Do you have any idea how many letters I have written you? Honestly, it could as easily be dozens as it could be hundreds. However, the thing is that I am always writing you another letter. Every single time, I tell myself that this will be the letter you read. This time, I’ll send it to you. You’ll never read them, you know. To allow myself to continue believing in my own goodness, I have convinced myself that I am keeping them to myself for your sake alone. However, I know I am remaining silent as ever as much for my own sake as yours. I don’t want to think about the fact that I am not a good person and I certainly don’t want to remember that you aren’t one either. I can’t bare my heart to you, Chica. One way or another, you’d break it. Don’t worry, love. Honestly, I won’t be sending you this letter, either. But there are some things I want to tell you…

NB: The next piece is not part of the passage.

(* Let $\Sigma$ be a finite reduct of the label cover signature, $\mathbf P^\Sigma$ the $\Sigma$-reduct of the label cover template $\mathbf P$, and $\mathbf B$ a structure. If $\gamma$ is a gadget from $\Sigma$-structures to structures of the signature of $\mathbf B$ such that $\gamma(\mathbf P^\Sigma)\to\mathbf B$, then $\gamma(\mathbf S)\to\pi_{\mathbf B}(\mathbf S)$ for every $\Sigma$-structure $\mathbf S$.
   Context: Structures. A (multisorted relational) signature consists of types and relation symbols, each symbol $R$ having an arity $\mathrm{ar}_R$, a tuple of types. A structure $\mathbf A$ consists of a set $A_t$ per type and relations $R^{\mathbf A}\subseteq A_{\mathrm{ar}_R(1)}\times\dots\times A_{\mathrm{ar}_R(k)}$. A homomorphism is a type-preserving family of maps preserving all relations; write $\mathbf A\to\mathbf B$. For a finite set $X$, $\mathbf B^X$ has domains $B_t^X$ (maps $X\to B_t$) and $(b_1,\dots,b_m)\in R^{\mathbf B^X}$ iff $(b_1(i),\dots,b_m(i))\in R^{\mathbf B}$ for all $i\in X$. Label cover. The label cover signature has a type $X$ for each finite set $X$ and a binary symbol $E_\pi$ of arity $(X,Y)$ for each map $\pi\colon X\to Y$. The label cover template $\mathbf P$ has domain $P_X=X$ for each type $X$ and $E_\pi^{\mathbf P}=\{(x,\pi(x))\mid x\in X\}$. A finite reduct $\Sigma$ consists of finitely many of these types and finitely many of these symbols (with their types); the $\Sigma$-reduct of a structure keeps only the domains and relations named in $\Sigma$. Gadgets. A gadget $\gamma$ from $\Pi$- to $\Sigma'$-structures consists of a $\Sigma'$-structure $\mathbf D_t^\gamma$ for each $\Pi$-type $t$, a $\Sigma'$-structure $\mathbf R^\gamma$ for each $\Pi$-symbol $R$, and homomorphisms $p_{R,i}^\gamma\colon\mathbf D^\gamma_{\mathrm{ar}_R(i)}\to\mathbf R^\gamma$ for $i\in[k]$, $k$ the arity of $R$. $\gamma(\mathbf A)$: take a copy of $\mathbf D^\gamma_t$ for each $a\in A_t$ (elements $(a;d)$) and a copy of $\mathbf R^\gamma$ for each $a\in R^{\mathbf A}$ (elements $(a;e)$); identify $(a;p^\gamma_{R,i}(e))$ with $(a_i;e)$ for all $a\in R^{\mathbf A}$, $i$, $e$; output the quotient by the generated equivalence relation with relations the images. Universal gadget. For a structure $\mathbf B$ and a structure $\mathbf S$ in (a reduct of) the label cover signature, $\pi_{\mathbf B}(\mathbf S)$ is obtained by taking a copy of $\mathbf B^X$ for each element $s$ of type $X$ (elements $(s;b)$, $b\colon X\to B_t$), identifying $(s;b\circ\sigma)$ with $(t;b)$ for each $(s,t)\in E_\sigma^{\mathbf S}$ with $\sigma\colon X\to Y$ and each $b\colon Y\to B_u$, and taking the quotient by the generated equivalence relation, with relations the images of those of the copies. *)

theory Defs
  imports Main "HOL-Library.FuncSet"
begin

The first time I saw you, you had a shy smile on your lips and a chip on your shoulder. To this day, I have never met anyone else who could look both so proud and so afraid at the same time. You always walk with your head held high and never back down. When you don’t think anyone is looking, though, your blue eyes soften. They observe even the most mundane aspects of the world around them with the awe of one witnessing a miracle.

Though I certainly didn’t realize it the time, you were the miracle in my mundane little world.

Mundane is a good word for that day. I woke up, shivering and dreading the day ahead, as with every other day. After my screeching alarm clock tore me from my strange but peaceful dreams, I wrapped myself in a pink and floral covers-burrito in an attempt to escape the cold and hide from the inevitability of the school day ahead of me.